▸ Task to carry out
Below are the entries to work from; restate word for word the portion that opens with the line containing "(* This uses" and closes with the line containing "using T by simp", keeping both.

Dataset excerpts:
++++

(* Let $S=(n,\phi,F)$ be a semicoherent system whose lifetime distribution has no ties. Then for every $j\in[n]$, $$I_{\mathrm{BP}}^{(j)}=\sum_{A\subseteq[n]\setminus\{j\}}r_j(A)\,m_\phi(A\cup\{j\}).$$
   Context: Semicoherent system $S=(n,\phi,F)$: $\phi:2^{[n]}\to\{0,1\}$ nondecreasing (subsets identified with Boolean vectors), $\phi(\varnothing)=0$, $\phi([n])=1$; $F$ is the joint c.d.f. of nonnegative component lifetimes $X_1,\ldots,X_n$ with $\Pr(X_i=X_k)=0$ for $i\neq k$. System lifetime $T=\inf\{t\geq0:\phi(\{i:X_i>t\})=0\}$, and $I_{\mathrm{BP}}^{(j)}=\Pr(T=X_j)$. The Möbius transform of $\phi$ is $m_\phi(A)=\sum_{B\subseteq A}(-1)^{|A|-|B|}\phi(B)$. For $j\in[n]$ and $A\subseteq[n]\setminus\{j\}$, $r_j(A)=\Pr\big(X_j<\min_{i\in A}X_i\big)$ (empty min $=+\infty$). *)

theory Defs
  imports "HOL-Probability.Probability"
begin

text \<open>Component index set [n] = {1..n}. Structure functions are Boolean-valued
  functions on subsets of [n]; they are identified with {0,1}-valued functions via of_bool.\<close>

definition semicoherent :: "nat \<Rightarrow> (nat set \<Rightarrow> bool) \<Rightarrow> bool" where
  "semicoherent n phi \<longleftrightarrow>
     (\<forall>A B. A \<subseteq> B \<and> B \<subseteq> {1..n} \<and> phi A \<longrightarrow> phi B) \<and>
     \<not> phi {} \<and> phi {1..n}"

definition mobius :: "(nat set \<Rightarrow> bool) \<Rightarrow> nat set \<Rightarrow> real" where
  "mobius phi A = (\<Sum>B\<in>Pow A. (-1::real) ^ (card A - card B) * of_bool (phi B))"

definition sys_lifetime :: "nat \<Rightarrow> (nat set \<Rightarrow> bool) \<Rightarrow> (nat \<Rightarrow> 'a \<Rightarrow> real) \<Rightarrow> 'a \<Rightarrow> real" where
  "sys_lifetime n phi X \<omega> = Inf {t. 0 \<le> t \<and> \<not> phi {i\<in>{1..n}. X i \<omega> > t}}"

definition I_BP :: "'a measure \<Rightarrow> nat \<Rightarrow> (nat set \<Rightarrow> bool) \<Rightarrow> (nat \<Rightarrow> 'a \<Rightarrow> real) \<Rightarrow> nat \<Rightarrow> real" where
  "I_BP M n phi X j = measure M {\<omega>\<in>space M. sys_lifetime n phi X \<omega> = X j \<omega>}"

text \<open>r_j(A) = Pr(X_j < min_{i\<in>A} X_i), empty min = +\<infinity>.\<close>
definition r_prob :: "'a measure \<Rightarrow> (nat \<Rightarrow> 'a \<Rightarrow> real) \<Rightarrow> nat \<Rightarrow> nat set \<Rightarrow> real" where
  "r_prob M X j A = measure M {\<omega>\<in>space M. \<forall>i\<in>A. X j \<omega> < X i \<omega>}"

end

theory Submission
  imports Defs
begin

(* Let B_j be the random set of components (other than j) that outlive component j, and
   p(C) = Pr(B_j = C).  The proof combines three facts:
   (1) deterministic: when lifetimes are nonnegative and distinct, T = X_j holds iff B_j is
       a critical set for j, i.e. phi(B_j u {j}) and not phi(B_j)  (lifetime_eq_iff); hence,
       ties being null events, I_BP(j) = sum of p(C) over the critical sets C;
   (2) r_j(A) = Pr(A <= B_j) = sum of p(C) over the supersets C of A;
   (3) combinatorial: by Moebius inversion, sum_A r_j(A) m_phi(A u {j}) equals the sum over C
       of p(C) (phi(C u {j}) - phi(C)), and by monotonicity the bracket is the indicator of
       C being critical. *)

lemma neg_one_power_diff:
  assumes "k \<le> n"
  shows "(-1::'a::ring_1) ^ n * (-1) ^ (n - k) = (-1) ^ k"
proof -
  obtain d where n: "n = k + d" using assms le_Suc_ex by blast
  have "(-1::'a) ^ d * (-1) ^ d = 1" by (simp flip: power_add)
  then show ?thesis by (simp add: n power_add mult.assoc)
qed

(* Derived from the library's involutive inclusion-exclusion formula applied to
   the signed transform (-1)^|A| m_phi(A). *)
lemma mobius_inversion:
  assumes "finite C"
  shows "(\<Sum>A\<in>Pow C. mobius f A) = of_bool (f C)"
proof -
  define g :: "nat set \<Rightarrow> real" where "g A = (-1) ^ card A * mobius f A" for A
  have g_alt: "g A = (\<Sum>B\<in>Pow A. (-1) ^ card B * of_bool (f B))" if "finite A" for A
    unfolding g_def mobius_def sum_distrib_left
  proof (intro sum.cong refl)
    fix B assume "B \<in> Pow A"
    then have le: "card B \<le> card A" using card_mono[OF \<open>finite A\<close>] by blast
    show "(-1::real) ^ card A * ((-1) ^ (card A - card B) * of_bool (f B))
             = (-1) ^ card B * of_bool (f B)"
      by (subst mult.assoc[symmetric], subst neg_one_power_diff[OF le]) (rule refl)
  qed
  have "of_bool (f C) = (\<Sum>A\<in>Pow C. (-1) ^ card A * g A)"
    by (rule inclusion_exclusion_symmetric[OF g_alt assms])
  also have "\<dots> = (\<Sum>A\<in>Pow C. mobius f A)"
    unfolding g_def mult.assoc[symmetric] power_add[symmetric] by simp
  finally show ?thesis ..
qed

lemma mobius_sum_insert:
  assumes "finite C" "j \<notin> C"
  shows "(\<Sum>A\<in>Pow C. mobius f (insert j A)) = of_bool (f (insert j C)) - of_bool (f C)"
proof -
  have "of_bool (f (insert j C)) = (\<Sum>A\<in>Pow C. mobius f A) + (\<Sum>A\<in>insert j ` Pow C. mobius f A)"
    using assms unfolding Pow_insert mobius_inversion[symmetric, OF finite_insert[THEN iffD2, OF \<open>finite C\<close>]]
    by (subst sum.union_disjoint) auto
  also have "(\<Sum>A\<in>insert j ` Pow C. mobius f A) = (\<Sum>A\<in>Pow C. mobius f (insert j A))"
    using assms by (intro sum.reindex_cong[where l = "insert j"]) (auto simp: inj_on_def)
  finally show ?thesis
    using mobius_inversion[OF \<open>finite C\<close>] by simp
qed

lemma mobius_upper_sums:
  fixes p :: "nat set \<Rightarrow> real"
  assumes "finite U" "j \<notin> U"
  shows "(\<Sum>A\<in>Pow U. (\<Sum>C\<in>{C\<in>Pow U. A \<subseteq> C}. p C) * mobius f (insert j A))
       = (\<Sum>C\<in>Pow U. p C * (of_bool (f (insert j C)) - of_bool (f C)))"
proof -
  have "(\<Sum>A\<in>Pow U. (\<Sum>C\<in>{C\<in>Pow U. A \<subseteq> C}. p C) * mobius f (insert j A))
      = (\<Sum>A\<in>Pow U. \<Sum>C\<in>{C\<in>Pow U. A \<subseteq> C}. p C * mobius f (insert j A))"
    by (simp add: sum_distrib_right)
  also have "\<dots> = (\<Sum>C\<in>Pow U. \<Sum>A\<in>{A\<in>Pow U. A \<subseteq> C}. p C * mobius f (insert j A))"
    using assms by (intro sum.swap_restrict) auto
  also have "\<dots> = (\<Sum>C\<in>Pow U. p C * (\<Sum>A\<in>Pow C. mobius f (insert j A)))"
    by (intro sum.cong refl) (auto simp: sum_distrib_left intro: sum.cong)
  also have "\<dots> = (\<Sum>C\<in>Pow U. p C * (of_bool (f (insert j C)) - of_bool (f C)))"
  proof (intro sum.cong refl)
    fix C assume "C \<in> Pow U"
    then have "finite C" "j \<notin> C" using assms finite_subset by auto
    then show "p C * (\<Sum>A\<in>Pow C. mobius f (insert j A)) = p C * (of_bool (f (insert j C)) - of_bool (f C))"
      by (simp add: mobius_sum_insert)
  qed
  finally show ?thesis .
qed

definition working :: "nat \<Rightarrow> (nat \<Rightarrow> real) \<Rightarrow> real \<Rightarrow> nat set" where
  "working n x t = {i\<in>{1..n}. t < x i}"

definition lifetime :: "nat \<Rightarrow> (nat set \<Rightarrow> bool) \<Rightarrow> (nat \<Rightarrow> real) \<Rightarrow> real" where
  "lifetime n phi x = Inf {t. 0 \<le> t \<and> \<not> phi (working n x t)}"

lemma sys_lifetime_eq_lifetime: "sys_lifetime n phi X \<omega> = lifetime n phi (\<lambda>i. X i \<omega>)"
  unfolding sys_lifetime_def lifetime_def working_def ..

lemma semicoherent_mono: "semicoherent n phi \<Longrightarrow> A \<subseteq> B \<Longrightarrow> B \<subseteq> {1..n} \<Longrightarrow> phi A \<Longrightarrow> phi B"
  unfolding semicoherent_def by blast

lemma working_subset: "working n x t \<subseteq> {1..n}"
  unfolding working_def by auto

lemma working_antimono: "s \<le> t \<Longrightarrow> working n x t \<subseteq> working n x s"
  unfolding working_def by auto

lemma working_right_const:
  obtains d :: real where "d > 0" "\<And>s. t \<le> s \<Longrightarrow> s < t + d \<Longrightarrow> working n x s = working n x t"
proof
  define d where "d = Min (insert 1 ((\<lambda>i. x i - t) ` working n x t))"
  have fin: "finite (working n x t)" unfolding working_def by simp
  show "d > 0" unfolding d_def using fin by (auto simp: working_def)
  fix s assume "t \<le> s" "s < t + d"
  moreover have "d \<le> x i - t" if "i \<in> working n x t" for i
    unfolding d_def using fin that by (intro Min_le) auto
  ultimately show "working n x s = working n x t"
    by (force simp: working_def)
qed

lemma working_left_limit:
  assumes "0 < t"
  obtains s where "0 \<le> s" "s < t" "working n x s = {i\<in>{1..n}. t \<le> x i}"
proof
  define s where "s = Max (insert 0 {x i |i. i \<in> {1..n} \<and> x i < t})"
  have fin: "finite (insert 0 {x i |i. i \<in> {1..n} \<and> x i < t})" by simp
  show "0 \<le> s" unfolding s_def using fin by (intro Max_ge) auto
  show "s < t" unfolding s_def using fin assms by (subst Max_less_iff) auto
  have "x i \<le> s" if "i \<in> {1..n}" "x i < t" for i
    unfolding s_def using fin that by (intro Max_ge) auto
  with \<open>s < t\<close> show "working n x s = {i\<in>{1..n}. t \<le> x i}"
    by (force simp: working_def)
qed

(* This uses right-continuity of the working set and the existence of a failure time
   (once every component has failed, phi({}) = False). *)
lemma lifetime_failed:
  assumes sc: "semicoherent n phi"
  shows "0 \<le> lifetime n phi x" "\<not> phi (working n x (lifetime n phi x))"
proof -
  define F where "F = {t. 0 \<le> t \<and> \<not> phi (working n x t)}"
  define T where "T = lifetime n phi x"
  have T: "T = Inf F" unfolding T_def F_def lifetime_def ..
  define m where "m = max 0 (Max (x ` {1..n}))"
  have "working n x m = {}"
    unfolding m_def working_def by (auto simp: not_less intro: max.coboundedI2)
  then have "m \<in> F" using sc unfolding F_def m_def semicoherent_def by simp
  have bdd: "bdd_below F" unfolding F_def by (rule bdd_belowI[of _ 0]) auto
  have "0 \<le> T" unfolding T using \<open>m \<in> F\<close> by (intro cInf_greatest) (auto simp: F_def)
  moreover have "\<not> phi (working n x T)"
  proof
    assume works: "phi (working n x T)"
    obtain d :: real where "d > 0" and const: "\<And>s. T \<le> s \<Longrightarrow> s < T + d \<Longrightarrow> working n x s = working n x T"
      using working_right_const[where t = T and n = n and x = x] by metis
    then have "Inf F < T + d" using T by simp
    then obtain t where t: "t \<in> F" "t < T + d"
      using \<open>m \<in> F\<close> bdd by (subst (asm) cInf_less_iff) auto
    have "T \<le> t" unfolding T using t bdd by (intro cInf_lower)
    then have "working n x t = working n x T" using const t(2) by blast
    with t(1) works show False unfolding F_def by simp
  qed
  ultimately show "0 \<le> lifetime n phi x" "\<not> phi (working n x (lifetime n phi x))"
    unfolding T_def by auto
qed
lemma fm_Dl_eps_n:
  "seq C (fm T (seq C (Dl a) (tens C (eps a) (eps a)))) (n a a) =
   seq C (lam a) (seq C (Dl (fo T a)) (tens C (eps (fo T a)) (eps (fo T a))))"
proof -
  let ?Ba = "fo B a" and ?Ta = "fo T a"
  have TDl: "hom C (fm T (Dl a)) (fo T ?Ba) (fo T (tens_o C ?Ba ?Ba))"
    using hom_fm[OF endofunctor_T hom_Dl] .
  have eps2: "hom C (tens C (eps a) (eps a)) (tens_o C ?Ba ?Ba) (tens_o C a a)"
    using hom_tens[OF symmetric_monoidal hom_eps hom_eps] .
  have lam2: "hom C (tens C (lam a) (lam a))
      (tens_o C (fo T ?Ba) (fo T ?Ba)) (tens_o C (fo B ?Ta) (fo B ?Ta))"
    using hom_tens[OF symmetric_monoidal hom_lam hom_lam] .
  have epsT2: "hom C (tens C (eps ?Ta) (eps ?Ta)) (tens_o C (fo B ?Ta) (fo B ?Ta)) (tens_o C ?Ta ?Ta)"
    using hom_tens[OF symmetric_monoidal hom_eps hom_eps] .
  have "seq C (fm T (seq C (Dl a) (tens C (eps a) (eps a)))) (n a a)
      = seq C (fm T (Dl a)) (seq C (fm T (tens C (eps a) (eps a))) (n a a))"
    using fm_seq[OF endofunctor_T hom_Dl eps2]
      seq_assoc[OF category TDl hom_fm[OF endofunctor_T eps2] hom_n] by simp
  also have "\<dots> = seq C (fm T (Dl a)) (seq C (n ?Ba ?Ba)
      (tens C (seq C (lam a) (eps ?Ta)) (seq C (lam a) (eps ?Ta))))"
    using n_natural[OF hom_eps hom_eps] lam_eps by simp
  also have "\<dots> = seq C (fm T (Dl a)) (seq C (n ?Ba ?Ba)
      (seq C (tens C (lam a) (lam a)) (tens C (eps ?Ta) (eps ?Ta))))"
    using tens_seq[OF symmetric_monoidal hom_lam hom_eps hom_lam hom_eps] by simp
  also have "\<dots> = seq C (seq C (seq C (fm T (Dl a)) (n ?Ba ?Ba)) (tens C (lam a) (lam a)))
      (tens C (eps ?Ta) (eps ?Ta))"
    using seq_assoc[OF category TDl hom_n hom_seq[OF category lam2 epsT2]]
      seq_assoc[OF category hom_seq[OF category TDl hom_n] lam2 epsT2] by simp
  also have "\<dots> = seq C (lam a) (seq C (Dl ?Ta) (tens C (eps ?Ta) (eps ?Ta)))"
    using lam_Dl seq_assoc[OF category hom_lam hom_Dl epsT2] by simp
  finally show ?thesis .
qed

++++

▸ Response for this exercise
(* This uses right-continuity of the working set and the existence of a failure time
   (once every component has failed, phi({}) = False). *)
lemma lifetime_failed:
  assumes sc: "semicoherent n phi"
  shows "0 \<le> lifetime n phi x" "\<not> phi (working n x (lifetime n phi x))"
proof -
  define F where "F = {t. 0 \<le> t \<and> \<not> phi (working n x t)}"
  define T where "T = lifetime n phi x"
  have T: "T = Inf F" unfolding T_def F_def lifetime_def ..
  define m where "m = max 0 (Max (x ` {1..n}))"
  have "working n x m = {}"
    unfolding m_def working_def by (auto simp: not_less intro: max.coboundedI2)
  then have "m \<in> F" using sc unfolding F_def m_def semicoherent_def by simp
  have bdd: "bdd_below F" unfolding F_def by (rule bdd_belowI[of _ 0]) auto
  have "0 \<le> T" unfolding T using \<open>m \<in> F\<close> by (intro cInf_greatest) (auto simp: F_def)
  moreover have "\<not> phi (working n x T)"
  proof
    assume works: "phi (working n x T)"
    obtain d :: real where "d > 0" and const: "\<And>s. T \<le> s \<Longrightarrow> s < T + d \<Longrightarrow> working n x s = working n x T"
      using working_right_const[where t = T and n = n and x = x] by metis
    then have "Inf F < T + d" using T by simp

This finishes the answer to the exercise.